Transformation superplasticity of super α2 titanium aluminide

Abstract

Transformation superplasticity of an intermetallic Ti3Al-based alloy (Super α2) is demonstrated by thermal cycling about the α2/β transformation temperature range under a uniaxial tensile biasing stress. Failure strains up to 610% were recorded at a stress of 3MPa, compared with 110% for deformation by isothermal creep at the same stress. The strain increment produced during each half-cycle is determined as a function of applied biasing stress, thermal cycle amplitude, and cycling frequency.
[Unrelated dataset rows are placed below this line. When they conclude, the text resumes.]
lemma append_rows_mult_adj:
  assumes A: "A \<in> carrier_mat r n" and B: "B \<in> carrier_mat q n"
  shows "(A @\<^sub>r B) * adj (A @\<^sub>r B) = four_block_mat (A * adj A) (A * adj B) (B * adj A) (B * adj B)"
proof -
  have "A @\<^sub>r B = four_block_mat A (0\<^sub>m r 0) B (0\<^sub>m q 0)"
    using A B by (simp add: append_rows_def)
  then show ?thesis
    unfolding adj_append_rows[OF A B]
    using A B by (simp add: mult_four_block_mat[OF A zero_carrier_mat B zero_carrier_mat
        adj_carrier_mat[OF A] adj_carrier_mat[OF B] zero_carrier_mat zero_carrier_mat])
qed

lemma adj_append_rows_mult:
  assumes A: "A \<in> carrier_mat r n" and B: "B \<in> carrier_mat q n"
  shows "adj (A @\<^sub>r B) * (A @\<^sub>r B) = adj A * A + adj B * B"
proof -
  have "A @\<^sub>r B = four_block_mat A (0\<^sub>m r 0) B (0\<^sub>m q 0)"
    using A B by (simp add: append_rows_def)
  then have "adj (A @\<^sub>r B) * (A @\<^sub>r B) = four_block_mat (adj A * A + adj B * B)
      (0\<^sub>m n 0) (0\<^sub>m 0 n) (0\<^sub>m 0 0)"
    unfolding adj_append_rows[OF A B]
    using A B by (simp add: mult_four_block_mat[OF adj_carrier_mat[OF A] adj_carrier_mat[OF B]
        zero_carrier_mat zero_carrier_mat A zero_carrier_mat B zero_carrier_mat])
  also have "\<dots> = adj A * A + adj B * B"
    by (rule eq_matI) (use A B in auto)
  finally show ?thesis .
qed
Since internal stresses are generated both by transformation mismatch and by thermal expansion mismatch between the two coexisting phases, an effective volume mismatch is defined to account for both contributions. Introduction of this parameter into existing continuum-mechanics models results in good agreement with experimental data in both the low-stress regime, where cycling strain rate and stress are proportional, and the high-stress regime where the stress sensitivity is increasing. Cycling strain increments at various temperature amplitudes and cycling frequencies are considered in terms of the equilibrium thermodynamics and transformation kinetics of Super α2. Finally, thermal cycling produces ratcheting, where texture and crystallographic orientation of the β/α2 transformation front affect the direction of ratcheting strains.